• [RAW DATA]
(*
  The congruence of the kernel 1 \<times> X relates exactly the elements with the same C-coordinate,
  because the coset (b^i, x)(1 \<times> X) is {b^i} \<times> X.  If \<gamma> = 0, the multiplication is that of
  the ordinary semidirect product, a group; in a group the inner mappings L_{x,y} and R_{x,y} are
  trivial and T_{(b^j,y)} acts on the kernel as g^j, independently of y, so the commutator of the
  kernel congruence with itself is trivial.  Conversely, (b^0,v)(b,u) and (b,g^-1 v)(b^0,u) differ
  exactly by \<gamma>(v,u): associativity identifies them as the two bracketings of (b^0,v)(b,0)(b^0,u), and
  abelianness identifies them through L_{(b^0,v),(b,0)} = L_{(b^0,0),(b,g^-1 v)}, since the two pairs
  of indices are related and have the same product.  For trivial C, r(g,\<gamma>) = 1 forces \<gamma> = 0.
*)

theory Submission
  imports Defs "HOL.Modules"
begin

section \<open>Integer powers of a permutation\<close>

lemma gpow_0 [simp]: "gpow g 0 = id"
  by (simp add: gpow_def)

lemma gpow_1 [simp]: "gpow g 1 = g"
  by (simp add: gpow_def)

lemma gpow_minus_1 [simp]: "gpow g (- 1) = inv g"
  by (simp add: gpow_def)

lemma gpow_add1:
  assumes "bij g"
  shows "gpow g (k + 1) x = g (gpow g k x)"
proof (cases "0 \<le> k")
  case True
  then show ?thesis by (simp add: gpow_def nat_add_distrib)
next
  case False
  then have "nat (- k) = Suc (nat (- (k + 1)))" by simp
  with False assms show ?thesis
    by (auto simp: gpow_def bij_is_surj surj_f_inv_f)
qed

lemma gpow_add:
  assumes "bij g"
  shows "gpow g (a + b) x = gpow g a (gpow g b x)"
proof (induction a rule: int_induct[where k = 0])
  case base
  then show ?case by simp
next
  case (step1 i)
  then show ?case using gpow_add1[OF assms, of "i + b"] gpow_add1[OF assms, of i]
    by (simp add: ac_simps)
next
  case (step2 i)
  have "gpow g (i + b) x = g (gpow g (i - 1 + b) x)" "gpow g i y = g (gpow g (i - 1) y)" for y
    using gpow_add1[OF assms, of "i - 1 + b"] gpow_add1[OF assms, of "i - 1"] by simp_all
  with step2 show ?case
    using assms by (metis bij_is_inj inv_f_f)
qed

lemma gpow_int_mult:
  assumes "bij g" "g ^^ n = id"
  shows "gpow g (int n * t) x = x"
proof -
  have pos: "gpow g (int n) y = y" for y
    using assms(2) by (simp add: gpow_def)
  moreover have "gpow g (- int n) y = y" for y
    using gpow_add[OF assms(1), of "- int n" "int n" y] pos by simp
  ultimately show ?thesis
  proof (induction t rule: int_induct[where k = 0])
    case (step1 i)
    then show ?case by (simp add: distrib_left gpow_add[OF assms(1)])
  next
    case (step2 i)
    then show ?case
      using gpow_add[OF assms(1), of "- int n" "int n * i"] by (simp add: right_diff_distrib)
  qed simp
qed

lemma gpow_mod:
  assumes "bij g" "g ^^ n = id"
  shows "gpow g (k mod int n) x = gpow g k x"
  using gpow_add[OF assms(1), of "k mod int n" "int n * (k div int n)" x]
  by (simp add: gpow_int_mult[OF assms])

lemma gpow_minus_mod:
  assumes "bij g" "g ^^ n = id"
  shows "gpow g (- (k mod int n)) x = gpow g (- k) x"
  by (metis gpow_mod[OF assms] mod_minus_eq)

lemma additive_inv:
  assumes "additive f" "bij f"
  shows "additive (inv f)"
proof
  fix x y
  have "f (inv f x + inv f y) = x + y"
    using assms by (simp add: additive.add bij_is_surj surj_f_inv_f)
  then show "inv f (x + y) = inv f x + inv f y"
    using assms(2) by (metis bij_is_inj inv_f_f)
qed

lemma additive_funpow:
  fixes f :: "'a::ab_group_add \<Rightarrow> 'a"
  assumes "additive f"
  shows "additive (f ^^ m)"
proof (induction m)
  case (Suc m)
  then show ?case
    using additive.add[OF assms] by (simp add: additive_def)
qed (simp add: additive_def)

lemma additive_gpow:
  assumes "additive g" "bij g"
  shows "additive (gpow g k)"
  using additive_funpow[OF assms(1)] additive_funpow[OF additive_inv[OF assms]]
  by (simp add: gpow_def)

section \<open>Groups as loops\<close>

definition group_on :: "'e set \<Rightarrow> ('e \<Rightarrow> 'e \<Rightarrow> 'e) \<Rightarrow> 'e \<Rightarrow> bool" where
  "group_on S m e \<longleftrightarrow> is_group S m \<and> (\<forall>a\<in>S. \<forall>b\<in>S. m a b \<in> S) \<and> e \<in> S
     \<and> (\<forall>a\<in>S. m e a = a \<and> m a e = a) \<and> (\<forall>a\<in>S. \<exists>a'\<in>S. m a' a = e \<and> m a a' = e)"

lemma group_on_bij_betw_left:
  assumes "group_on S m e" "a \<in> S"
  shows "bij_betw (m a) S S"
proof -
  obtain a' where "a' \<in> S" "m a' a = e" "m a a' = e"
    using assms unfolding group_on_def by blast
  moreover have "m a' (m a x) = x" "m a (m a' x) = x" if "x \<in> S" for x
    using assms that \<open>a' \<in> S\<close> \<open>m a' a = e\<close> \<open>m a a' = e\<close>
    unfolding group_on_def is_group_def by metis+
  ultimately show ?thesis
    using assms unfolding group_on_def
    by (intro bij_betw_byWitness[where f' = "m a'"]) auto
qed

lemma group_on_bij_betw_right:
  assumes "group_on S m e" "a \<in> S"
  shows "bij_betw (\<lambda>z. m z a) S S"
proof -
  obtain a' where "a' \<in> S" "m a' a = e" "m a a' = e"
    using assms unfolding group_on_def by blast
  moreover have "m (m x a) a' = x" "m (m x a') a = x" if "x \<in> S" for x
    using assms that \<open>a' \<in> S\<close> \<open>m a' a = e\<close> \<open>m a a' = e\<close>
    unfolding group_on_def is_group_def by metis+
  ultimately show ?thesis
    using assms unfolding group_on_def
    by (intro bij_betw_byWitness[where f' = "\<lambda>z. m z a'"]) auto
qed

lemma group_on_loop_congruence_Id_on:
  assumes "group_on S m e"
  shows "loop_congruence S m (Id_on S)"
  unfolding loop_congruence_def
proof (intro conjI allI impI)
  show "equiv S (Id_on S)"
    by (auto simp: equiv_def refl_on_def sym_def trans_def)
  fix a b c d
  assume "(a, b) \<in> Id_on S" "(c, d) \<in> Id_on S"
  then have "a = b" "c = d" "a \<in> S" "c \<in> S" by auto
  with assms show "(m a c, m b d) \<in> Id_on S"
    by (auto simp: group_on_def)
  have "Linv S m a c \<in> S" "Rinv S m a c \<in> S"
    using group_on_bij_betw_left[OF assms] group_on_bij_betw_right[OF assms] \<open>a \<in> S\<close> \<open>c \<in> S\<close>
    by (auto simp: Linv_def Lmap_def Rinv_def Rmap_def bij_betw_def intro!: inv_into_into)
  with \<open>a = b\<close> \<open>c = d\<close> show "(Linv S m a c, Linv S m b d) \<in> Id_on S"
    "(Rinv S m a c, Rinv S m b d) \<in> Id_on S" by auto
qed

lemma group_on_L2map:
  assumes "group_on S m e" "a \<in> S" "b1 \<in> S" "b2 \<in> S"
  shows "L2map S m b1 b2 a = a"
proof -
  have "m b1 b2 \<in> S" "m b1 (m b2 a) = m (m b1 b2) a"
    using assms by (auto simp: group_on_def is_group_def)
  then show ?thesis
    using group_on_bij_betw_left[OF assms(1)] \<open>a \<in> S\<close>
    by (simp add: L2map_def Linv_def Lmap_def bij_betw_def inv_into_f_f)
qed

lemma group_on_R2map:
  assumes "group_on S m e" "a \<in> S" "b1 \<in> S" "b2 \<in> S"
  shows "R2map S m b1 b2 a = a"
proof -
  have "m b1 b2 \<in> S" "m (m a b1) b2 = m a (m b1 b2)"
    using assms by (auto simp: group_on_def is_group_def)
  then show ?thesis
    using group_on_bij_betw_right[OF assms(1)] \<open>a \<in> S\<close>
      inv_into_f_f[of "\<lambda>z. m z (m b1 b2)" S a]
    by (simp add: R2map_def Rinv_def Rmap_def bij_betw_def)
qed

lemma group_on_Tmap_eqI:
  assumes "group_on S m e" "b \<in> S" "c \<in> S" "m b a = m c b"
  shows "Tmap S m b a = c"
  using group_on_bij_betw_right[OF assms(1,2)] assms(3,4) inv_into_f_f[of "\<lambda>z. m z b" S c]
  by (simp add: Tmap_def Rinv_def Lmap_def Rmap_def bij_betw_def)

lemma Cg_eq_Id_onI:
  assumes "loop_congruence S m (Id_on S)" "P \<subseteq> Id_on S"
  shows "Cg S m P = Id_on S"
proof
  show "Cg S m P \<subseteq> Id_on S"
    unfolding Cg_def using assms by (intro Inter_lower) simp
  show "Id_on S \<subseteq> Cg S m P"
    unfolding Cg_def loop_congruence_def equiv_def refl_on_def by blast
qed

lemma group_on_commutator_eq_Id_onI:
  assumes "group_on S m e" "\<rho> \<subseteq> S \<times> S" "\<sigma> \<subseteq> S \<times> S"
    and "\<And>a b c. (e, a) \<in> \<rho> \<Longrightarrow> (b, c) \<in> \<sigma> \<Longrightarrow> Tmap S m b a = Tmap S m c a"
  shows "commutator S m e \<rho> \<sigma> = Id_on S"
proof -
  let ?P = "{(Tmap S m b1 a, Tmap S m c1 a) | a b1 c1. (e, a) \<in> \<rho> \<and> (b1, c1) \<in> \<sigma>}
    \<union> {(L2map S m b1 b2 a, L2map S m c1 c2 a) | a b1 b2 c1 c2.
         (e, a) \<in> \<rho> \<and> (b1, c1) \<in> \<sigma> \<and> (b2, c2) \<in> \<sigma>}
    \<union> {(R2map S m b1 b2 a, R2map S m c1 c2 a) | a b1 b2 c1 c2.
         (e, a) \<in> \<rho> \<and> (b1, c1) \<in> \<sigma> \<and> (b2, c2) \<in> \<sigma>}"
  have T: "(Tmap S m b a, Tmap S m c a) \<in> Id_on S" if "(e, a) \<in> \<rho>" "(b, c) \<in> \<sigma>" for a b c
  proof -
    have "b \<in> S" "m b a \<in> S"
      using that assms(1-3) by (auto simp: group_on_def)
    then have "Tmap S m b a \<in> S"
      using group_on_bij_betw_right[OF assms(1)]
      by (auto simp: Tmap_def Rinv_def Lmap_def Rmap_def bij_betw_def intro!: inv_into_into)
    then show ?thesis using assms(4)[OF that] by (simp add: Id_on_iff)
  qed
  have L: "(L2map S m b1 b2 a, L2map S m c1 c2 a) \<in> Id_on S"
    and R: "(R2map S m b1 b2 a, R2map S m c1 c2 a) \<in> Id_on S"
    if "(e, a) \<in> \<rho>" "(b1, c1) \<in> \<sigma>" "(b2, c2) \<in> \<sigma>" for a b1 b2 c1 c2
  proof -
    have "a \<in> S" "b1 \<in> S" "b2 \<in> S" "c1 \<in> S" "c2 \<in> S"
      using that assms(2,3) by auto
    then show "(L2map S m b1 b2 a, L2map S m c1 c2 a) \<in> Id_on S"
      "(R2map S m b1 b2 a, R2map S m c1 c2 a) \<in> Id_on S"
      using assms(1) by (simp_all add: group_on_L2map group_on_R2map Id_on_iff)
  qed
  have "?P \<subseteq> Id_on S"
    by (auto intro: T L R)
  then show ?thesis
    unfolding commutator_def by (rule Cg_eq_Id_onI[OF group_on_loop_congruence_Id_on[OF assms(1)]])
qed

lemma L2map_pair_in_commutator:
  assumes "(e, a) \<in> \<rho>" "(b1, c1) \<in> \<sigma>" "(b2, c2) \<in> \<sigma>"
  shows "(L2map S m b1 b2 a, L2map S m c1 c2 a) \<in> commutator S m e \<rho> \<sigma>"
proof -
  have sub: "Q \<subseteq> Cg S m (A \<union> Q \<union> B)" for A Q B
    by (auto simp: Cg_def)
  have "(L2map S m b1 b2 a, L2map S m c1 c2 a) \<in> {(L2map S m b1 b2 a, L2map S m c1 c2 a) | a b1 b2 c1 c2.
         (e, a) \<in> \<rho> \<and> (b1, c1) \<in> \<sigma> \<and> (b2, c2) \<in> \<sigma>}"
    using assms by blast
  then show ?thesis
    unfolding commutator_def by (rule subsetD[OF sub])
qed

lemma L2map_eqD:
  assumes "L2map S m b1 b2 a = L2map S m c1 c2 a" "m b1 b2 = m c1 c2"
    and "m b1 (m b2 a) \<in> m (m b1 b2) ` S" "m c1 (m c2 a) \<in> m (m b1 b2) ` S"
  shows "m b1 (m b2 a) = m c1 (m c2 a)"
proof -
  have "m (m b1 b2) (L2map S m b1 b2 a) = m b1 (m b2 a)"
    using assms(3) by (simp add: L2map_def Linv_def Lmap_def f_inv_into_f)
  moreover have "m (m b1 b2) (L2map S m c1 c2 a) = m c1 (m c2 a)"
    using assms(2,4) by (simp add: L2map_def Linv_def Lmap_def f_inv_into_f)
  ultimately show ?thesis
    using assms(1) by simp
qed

• [REQUIRED WORK] In the material above, find each line that has the string "rule" and return it.

• [RESPONSE BOX]
proof (induction a rule: int_induct[where k = 0])
  proof (induction t rule: int_induct[where k = 0])
    unfolding commutator_def by (rule Cg_eq_Id_onI[OF group_on_loop_congruence_Id_on[OF assms(1)]])
    unfolding commutator_def by (rule subsetD[OF sub])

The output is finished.